Re: current linux-2.6.git: cpusets completely broken

Previous thread: [PATCH 3/3] x86_64: adjust exception frame on paranoid exceptions by Jeremy Fitzhardinge on Saturday, July 12, 2008 - 2:22 am. (1 message)

Next thread: [mmotm] smp.c: fix build error by KOSAKI Motohiro on Saturday, July 12, 2008 - 4:11 am. (2 messages)
From: Dmitry Adamushko
Date: Saturday, July 12, 2008 - 3:45 am

I had in mind something like this:

[ yes, probably the patch makes things somewhat uglier. I tried to bring a minimal amount of changes so far, just to emulate the 'old' behavior of update_sched_domains().
I guess, common_cpu_mem_hotplug_unplug() needs to be split up into cpu- and mem-hotplug parts to make it cleaner ]

(not tested yet)

---

diff --git a/kernel/cpuset.c b/kernel/cpuset.c
index 9fceb97..965d9eb 100644
--- a/kernel/cpuset.c
+++ b/kernel/cpuset.c
@@ -1882,7 +1882,7 @@ static void scan_for_empty_cpusets(const struct cpuset *root)
  * in order to minimize text size.
  */
 
-static void common_cpu_mem_hotplug_unplug(void)
+static void common_cpu_mem_hotplug_unplug(int rebuild_sd)
 {
 	cgroup_lock();
 
@@ -1894,7 +1894,8 @@ static void common_cpu_mem_hotplug_unplug(void)
 	 * Scheduler destroys domains on hotplug events.
 	 * Rebuild them based on the current settings.
 	 */
-	rebuild_sched_domains();
+	if (rebuild_sd)
+		rebuild_sched_domains();
 
 	cgroup_unlock();
 }
@@ -1912,11 +1913,22 @@ static void common_cpu_mem_hotplug_unplug(void)
 static int cpuset_handle_cpuhp(struct notifier_block *unused_nb,
 				unsigned long phase, void *unused_cpu)
 {
-	if (phase == CPU_DYING || phase == CPU_DYING_FROZEN)
+	swicth (phase) {
+	case CPU_UP_CANCELED:
+	case CPU_UP_CANCELED_FROZEN:
+	case CPU_DOWN_FAILED:
+	case CPU_DOWN_FAILED_FROZEN:
+	case CPU_ONLINE:
+	case CPU_ONLINE_FROZEN:
+	case CPU_DEAD:
+	case CPU_DEAD_FROZEN:
+		common_cpu_mem_hotplug_unplug(1);
+		break;
+	default:
 		return NOTIFY_DONE;
+	}
 
-	common_cpu_mem_hotplug_unplug();
-	return 0;
+	return NOTIFY_OK;
 }
 
 #ifdef CONFIG_MEMORY_HOTPLUG
@@ -1929,7 +1941,7 @@ static int cpuset_handle_cpuhp(struct notifier_block *unused_nb,
 
 void cpuset_track_online_nodes(void)
 {
-	common_cpu_mem_hotplug_unplug();
+	common_cpu_mem_hotplug_unplug(0);
 }
 #endif
 


--

From: Dmitry Adamushko
Date: Saturday, July 12, 2008 - 4:14 am

argh, this one compiles (will test shortly).
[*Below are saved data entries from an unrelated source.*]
(* Let $R$ be a supertropical semiring such that $eR$ is a semifield with $\mathcal G\neq\{e\}$, let $(q,b)$ be a quadratic pair on an $R$-module $V$, and let $x,y,w\in V$ be anisotropic vectors (so that $x+y$ is also anisotropic). Then: (a) $\operatorname{CS}(x+y,w)\le \operatorname{CS}(x,w)+\operatorname{CS}(y,w)$ in $eR$. (b) If $q(x+y)\not\cong_\nu q(x)+q(y)$ and $\operatorname{CS}(x,w)+\operatorname{CS}(y,w)\neq 0$, then $\operatorname{CS}(x+y,w)<\operatorname{CS}(x,w)+\operatorname{CS}(y,w)$. (c) If $q(x+y)\cong_\nu q(x)+q(y)$ and at least one of the following holds: (c1) $e q(x)\cdot\operatorname{CS}(y,w)=eq(y)\cdot\operatorname{CS}(x,w)$; (c2) $\operatorname{CS}(x,w)=\operatorname{CS}(y,w)$; (c3) $q(x)\cong_\nu q(y)$; then $\operatorname{CS}(x+y,w)=\operatorname{CS}(x,w)+\operatorname{CS}(y,w)$.
   Context: All semirings are commutative with $1$. A semiring $R$ is supertropical if $e:=1+1$ satisfies $e+e=e$ and, for all $x,y\in R$: if $ex\neq ey$ then $x+y\in\{x,y\}$, and if $ex=ey$ then $x+y=ey$. $eR$ is totally ordered by $u\le v\iff u+v=v$; write $x\le_\nu y$, $x\cong_\nu y$, $x<_\nu y$ for $ex\le ey$, $ex=ey$, $ex<ey$. $\mathcal G=eR\setminus\{0\}$; "$eR$ is a semifield" means every element of $\mathcal G$ is invertible in $eR$. A quadratic form on an $R$-module $V$ is a map $q:V\to R$ with $q(ax)=a^2q(x)$ such that some symmetric bilinear $b$ satisfies $q(x+y)=q(x)+q(y)+b(x,y)$; $(q,b)$ is a quadratic pair. A vector $x\in V$ is anisotropic if $x\ne0$ and $q(x)\neq 0$. For anisotropic $x,y$, the CS-ratio is $\operatorname{CS}(x,y):=\dfrac{e\,b(x,y)^2}{e\,q(x)q(y)}\in eR$ (quotient in the semifield $eR$). *)

theory Defs
  imports Main
begin

definition ghost_e :: "'a::comm_semiring_1" where
  "ghost_e = 1 + 1"

definition supertropical :: "'a::comm_semiring_1 itself \<Rightarrow> bool" where
  "supertropical _ \<longleftrightarrow>
     (ghost_e::'a) + ghost_e = ghost_e \<and>
     (\<forall>x y::'a. (ghost_e * x \<noteq> ghost_e * y \<longrightarrow> x + y \<in> {x, y}) \<and>
                (ghost_e * x = ghost_e * y \<longrightarrow> x + y = ghost_e * y))"

definition ghost_ideal :: "'a::comm_semiring_1 set" where
  "ghost_ideal = range (\<lambda>a. ghost_e * a)"

definition tangible_group :: "'a::comm_semiring_1 set" where
  "tangible_group = ghost_ideal - {0}"

definition eR_semifield :: "'a::comm_semiring_1 itself \<Rightarrow> bool" where
  "eR_semifield _ \<longleftrightarrow>
     (\<forall>g\<in>(tangible_group::'a set). \<exists>h\<in>ghost_ideal. g * h = ghost_e)"

definition e_inv :: "'a::comm_semiring_1 \<Rightarrow> 'a" where
  "e_inv g = (SOME h. h \<in> ghost_ideal \<and> g * h = ghost_e)"

definition eR_le :: "'a::comm_semiring_1 \<Rightarrow> 'a \<Rightarrow> bool" where
  "eR_le u v \<longleftrightarrow> u + v = v"

definition eR_less :: "'a::comm_semiring_1 \<Rightarrow> 'a \<Rightarrow> bool" where
  "eR_less u v \<longleftrightarrow> eR_le u v \<and> u \<noteq> v"

definition nu_equiv :: "'a::comm_semiring_1 \<Rightarrow> 'a \<Rightarrow> bool" where
  "nu_equiv x y \<longleftrightarrow> ghost_e * x = ghost_e * y"

definition semimodule :: "('a::comm_semiring_1 \<Rightarrow> 'v::comm_monoid_add \<Rightarrow> 'v) \<Rightarrow> bool" where
  "semimodule sm \<longleftrightarrow>
     (\<forall>a x y. sm a (x + y) = sm a x + sm a y) \<and>
     (\<forall>a b x. sm (a + b) x = sm a x + sm b x) \<and>
     (\<forall>a b x. sm (a * b) x = sm a (sm b x)) \<and>
     (\<forall>x. sm 1 x = x) \<and>
     (\<forall>x. sm 0 x = 0) \<and>
     (\<forall>a. sm a 0 = 0)"

definition symmetric_bilinear ::
  "('a::comm_semiring_1 \<Rightarrow> 'v::comm_monoid_add \<Rightarrow> 'v) \<Rightarrow> ('v \<Rightarrow> 'v \<Rightarrow> 'a) \<Rightarrow> bool" where
  "symmetric_bilinear sm b \<longleftrightarrow>
     (\<forall>x y. b x y = b y x) \<and>
     (\<forall>x x' y. b (x + x') y = b x y + b x' y) \<and>
     (\<forall>a x y. b (sm a x) y = a * b x y)"

definition quadratic_pair ::
  "('a::comm_semiring_1 \<Rightarrow> 'v::comm_monoid_add \<Rightarrow> 'v) \<Rightarrow> ('v \<Rightarrow> 'a) \<Rightarrow> ('v \<Rightarrow> 'v \<Rightarrow> 'a) \<Rightarrow> bool" where
  "quadratic_pair sm q b \<longleftrightarrow>
     (\<forall>a x. q (sm a x) = a\<^sup>2 * q x) \<and>
     symmetric_bilinear sm b \<and>
     (\<forall>x y. q (x + y) = q x + q y + b x y)"

definition anisotropic :: "('v::comm_monoid_add \<Rightarrow> 'a::comm_semiring_1) \<Rightarrow> 'v \<Rightarrow> bool" where
  "anisotropic q x \<longleftrightarrow> x \<noteq> 0 \<and> q x \<noteq> 0"

definition CS :: "('v \<Rightarrow> 'a::comm_semiring_1) \<Rightarrow> ('v \<Rightarrow> 'v \<Rightarrow> 'a) \<Rightarrow> 'v \<Rightarrow> 'v \<Rightarrow> 'a" where
  "CS q b x y = ghost_e * (b x y)\<^sup>2 * e_inv (ghost_e * q x * q y)"

end

theory Submission
  imports Defs
begin

text \<open>The ghost ideal \<open>eR\<close> is a totally ordered semifield with unit \<open>e\<close> in which
\<open>u + v = max u v\<close>. Put \<open>X = e q(x)\<close>, \<open>Y = e q(y)\<close>, \<open>G = e b(x,y)\<close>, so that
\<open>Z = e q(x+y) = X + Y + G\<close>, and \<open>a = e b(x,w)\<^sup>2/e q(w)\<close>, \<open>c = e b(y,w)\<^sup>2/e q(w)\<close>. Because
\<open>(u + v)\<^sup>2 = u\<^sup>2 + v\<^sup>2\<close> in \<open>eR\<close>, the three CS-ratios are \<open>a/X\<close>, \<open>c/Y\<close> and \<open>(a + c)/Z\<close>.
Since \<open>X, Y \<le> Z\<close> and inversion is antitone, \<open>(a + c)/Z = a/Z + c/Z \<le> a/X + c/Y\<close>. When
\<open>\<nu>\<close>-equivalence fails, \<open>Z = G\<close> lies strictly above \<open>X\<close> and \<open>Y\<close>, so each summand drops
strictly unless it vanishes. When \<open>Z = X + Y\<close>, say \<open>Z = X \<ge> Y\<close>, we have \<open>a/X = a/Z\<close>, and
each of (c1)--(c3) makes \<open>c/Y\<close> at most \<open>a/X\<close> or equal to \<open>c/Z\<close>.\<close>

text \<open>Membership in \<open>eR\<close>: as \<open>e e = e\<close>, \<open>eR\<close> is the set of fixed points of \<open>(*) e\<close>.\<close>
definition ghost :: "'a::comm_semiring_1 \<Rightarrow> bool" where
  "ghost u \<longleftrightarrow> ghost_e * u = u"

lemma eR_le_antisym: "eR_le u v \<Longrightarrow> eR_le v u \<Longrightarrow> u = v"
  unfolding eR_le_def by (metis add.commute)

lemma eR_le_trans: "eR_le u v \<Longrightarrow> eR_le v w \<Longrightarrow> eR_le u w"
  unfolding eR_le_def by (metis add.assoc)

lemma eR_le_mult_right: "eR_le u v \<Longrightarrow> eR_le (u * t) (v * t)"
  unfolding eR_le_def by (metis distrib_right)

lemma eR_le_mult_left: "eR_le u v \<Longrightarrow> eR_le (t * u) (t * v)"
  using eR_le_mult_right by (metis mult.commute)

lemma eR_le_add_mono: "eR_le u u' \<Longrightarrow> eR_le v v' \<Longrightarrow> eR_le (u + v) (u' + v')"
  unfolding eR_le_def by (metis add.assoc add.commute)

lemma eR_add_le: "eR_le u w \<Longrightarrow> eR_le v w \<Longrightarrow> eR_le (u + v) w"
  unfolding eR_le_def by (metis add.assoc)

lemma eR_le_add_eq: "eR_le u v \<Longrightarrow> u + v = v"
  unfolding eR_le_def .

lemma eR_le_zero: "eR_le u 0 \<Longrightarrow> u = 0"
  unfolding eR_le_def by simp

lemma quadratic_pair_bilinear_add_left:
  "quadratic_pair sm q b \<Longrightarrow> b (x + y) w = b x w + b y w"
  unfolding quadratic_pair_def symmetric_bilinear_def by blast

lemma quadratic_pair_ghost_e_add:
  "quadratic_pair sm q b \<Longrightarrow>
    ghost_e * q (x + y) = ghost_e * q x + ghost_e * q y + ghost_e * b x y"
  unfolding quadratic_pair_def by (simp add: distrib_left)

locale supertropical_semifield =
  fixes T :: "'a::comm_semiring_1 itself"
  assumes supertropical: "supertropical T"
    and semifield: "eR_semifield T"
begin

lemma ghost_e_add_self: "ghost_e + ghost_e = (ghost_e::'a)"
  using supertropical unfolding supertropical_def by blast

lemma add_of_not_nu_equiv: "ghost_e * x \<noteq> ghost_e * y \<Longrightarrow> x + y = x \<or> x + y = (y::'a)"
  using supertropical unfolding supertropical_def by blast

lemma add_of_nu_equiv: "ghost_e * x = ghost_e * y \<Longrightarrow> x + y = ghost_e * (y::'a)"
  using supertropical unfolding supertropical_def by blast

lemma ghost_e_mult_self: "ghost_e * ghost_e = (ghost_e::'a)"
  by (metis ghost_e_add_self ghost_e_def distrib_left mult_1_right)

lemma ghost_e_mult_eq_0_iff: "ghost_e * a = 0 \<longleftrightarrow> a = (0::'a)"
  using add_of_nu_equiv[of a 0] by auto

lemma ghost_ghost_e_mult: "ghost (ghost_e * (a::'a))"
  unfolding ghost_def by (simp add: mult.assoc[symmetric] ghost_e_mult_self)

lemma ghost_mult: "ghost u \<Longrightarrow> ghost (u * (v::'a))"
  unfolding ghost_def by (metis mult.assoc)

lemma ghost_add: "ghost u \<Longrightarrow> ghost v \<Longrightarrow> ghost (u + (v::'a))"
  unfolding ghost_def by (simp add: distrib_left)

lemma ghost_mult_ghost_e: "ghost u \<Longrightarrow> u * ghost_e = (u::'a)"
  unfolding ghost_def by (simp add: mult.commute)

lemma ghost_add_self: "ghost u \<Longrightarrow> u + u = (u::'a)"
  unfolding ghost_def by (metis ghost_e_def distrib_right mult_1 mult.commute)

lemma ghost_add_cases: "ghost u \<Longrightarrow> ghost v \<Longrightarrow> u + v = u \<or> u + v = (v::'a)"
  by (metis add_of_not_nu_equiv ghost_def ghost_add_self)

lemma eR_le_refl: "ghost u \<Longrightarrow> eR_le u (u::'a)"
  unfolding eR_le_def by (rule ghost_add_self)

lemma eR_le_total: "ghost u \<Longrightarrow> ghost v \<Longrightarrow> eR_le u v \<or> eR_le v (u::'a)"
  unfolding eR_le_def by (metis ghost_add_cases add.commute)

lemma eR_le_add_left: "ghost u \<Longrightarrow> eR_le u (u + (v::'a))"
  unfolding eR_le_def by (metis add.assoc ghost_add_self)

lemma eR_le_add_right: "ghost v \<Longrightarrow> eR_le v (u + (v::'a))"
  using eR_le_add_left by (metis add.commute)

lemma e_inv_inverse: "ghost u \<Longrightarrow> u \<noteq> 0 \<Longrightarrow> ghost (e_inv u) \<and> u * e_inv u = (ghost_e::'a)"
proof -
  assume "ghost u" "u \<noteq> 0"
  then have "u \<in> tangible_group"
    unfolding tangible_group_def ghost_ideal_def ghost_def by (metis DiffI singletonD rangeI)
  then have "\<exists>h. h \<in> ghost_ideal \<and> u * h = ghost_e"
    using semifield unfolding eR_semifield_def by blast
  then have "e_inv u \<in> ghost_ideal \<and> u * e_inv u = ghost_e"
    unfolding e_inv_def by (rule someI_ex)
  then show ?thesis unfolding ghost_ideal_def using ghost_ghost_e_mult by auto
qed

lemma e_inv_unique:
  assumes "ghost u" "u \<noteq> 0" "ghost h" "u * h = (ghost_e::'a)"
  shows "e_inv u = h"
  using e_inv_inverse[OF assms(1,2)] assms(3,4)
  by (metis ghost_mult_ghost_e mult.assoc mult.commute)

lemma ghost_mult_nonzero:
  assumes "ghost u" "u \<noteq> 0" "ghost v" "v \<noteq> (0::'a)"
  shows "u * v \<noteq> 0"
proof
  assume "u * v = 0"
  moreover have "e_inv u * (u * v) = v"
    using e_inv_inverse[OF assms(1,2)] assms(3)
    by (simp add: mult.assoc[symmetric] mult.commute[of "e_inv u"] ghost_def)
  ultimately show False using assms(4) by simp
qed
Signed-off-by: Dmitry Adamushko <dmitry.adamushko@gmail.com>


diff --git a/kernel/cpuset.c b/kernel/cpuset.c
index 9fceb97..798b3ab 100644
--- a/kernel/cpuset.c
+++ b/kernel/cpuset.c
@@ -1882,7 +1882,7 @@ static void scan_for_empty_cpusets(const struct
cpuset *root)
  * in order to minimize text size.
  */
 
-static void common_cpu_mem_hotplug_unplug(void)
+static void common_cpu_mem_hotplug_unplug(int rebuild_sd)
 {
 	cgroup_lock();
 
@@ -1894,7 +1894,8 @@ static void common_cpu_mem_hotplug_unplug(void)
 	 * Scheduler destroys domains on hotplug events.
 	 * Rebuild them based on the current settings.
 	 */
-	rebuild_sched_domains();
+	if (rebuild_sd)
+		rebuild_sched_domains();
 
 	cgroup_unlock();
 }
@@ -1912,11 +1913,22 @@ static void common_cpu_mem_hotplug_unplug(void)
 static int cpuset_handle_cpuhp(struct notifier_block *unused_nb,
 				unsigned long phase, void *unused_cpu)
 {
-	if (phase == CPU_DYING || phase == CPU_DYING_FROZEN)
+	switch (phase) {
+	case CPU_UP_CANCELED:
+	case CPU_UP_CANCELED_FROZEN:
+	case CPU_DOWN_FAILED:
+	case CPU_DOWN_FAILED_FROZEN:
+	case CPU_ONLINE:
+	case CPU_ONLINE_FROZEN:
+	case CPU_DEAD:
+	case CPU_DEAD_FROZEN:
+		common_cpu_mem_hotplug_unplug(1);
+		break;
+	default:
 		return NOTIFY_DONE;
+	}
 
-	common_cpu_mem_hotplug_unplug();
-	return 0;
+	return NOTIFY_OK;
 }
 
 #ifdef CONFIG_MEMORY_HOTPLUG
@@ -1929,7 +1941,7 @@ static int cpuset_handle_cpuhp(struct
notifier_block *unused_nb,
 
 void cpuset_track_online_nodes(void)
 {
-	common_cpu_mem_hotplug_unplug();
+	common_cpu_mem_hotplug_unplug(0);
 }
 #endif
 



--

From: Dmitry Adamushko
Date: Saturday, July 12, 2008 - 5:10 pm

Linus,


(just that we have it all together in one place, ready for testing and
further consideration).

below is the patch and explanation.

Basically the fix below just emulates the 'old' behavior
of update_sched_domains(). We call rebuild_sched_domains() for the same hotplug-events
as it was called (and is still called for !CPUSETS case) in update_sched_domains().
The aim is to keep sched-domain consistent wrt cpu-down/up.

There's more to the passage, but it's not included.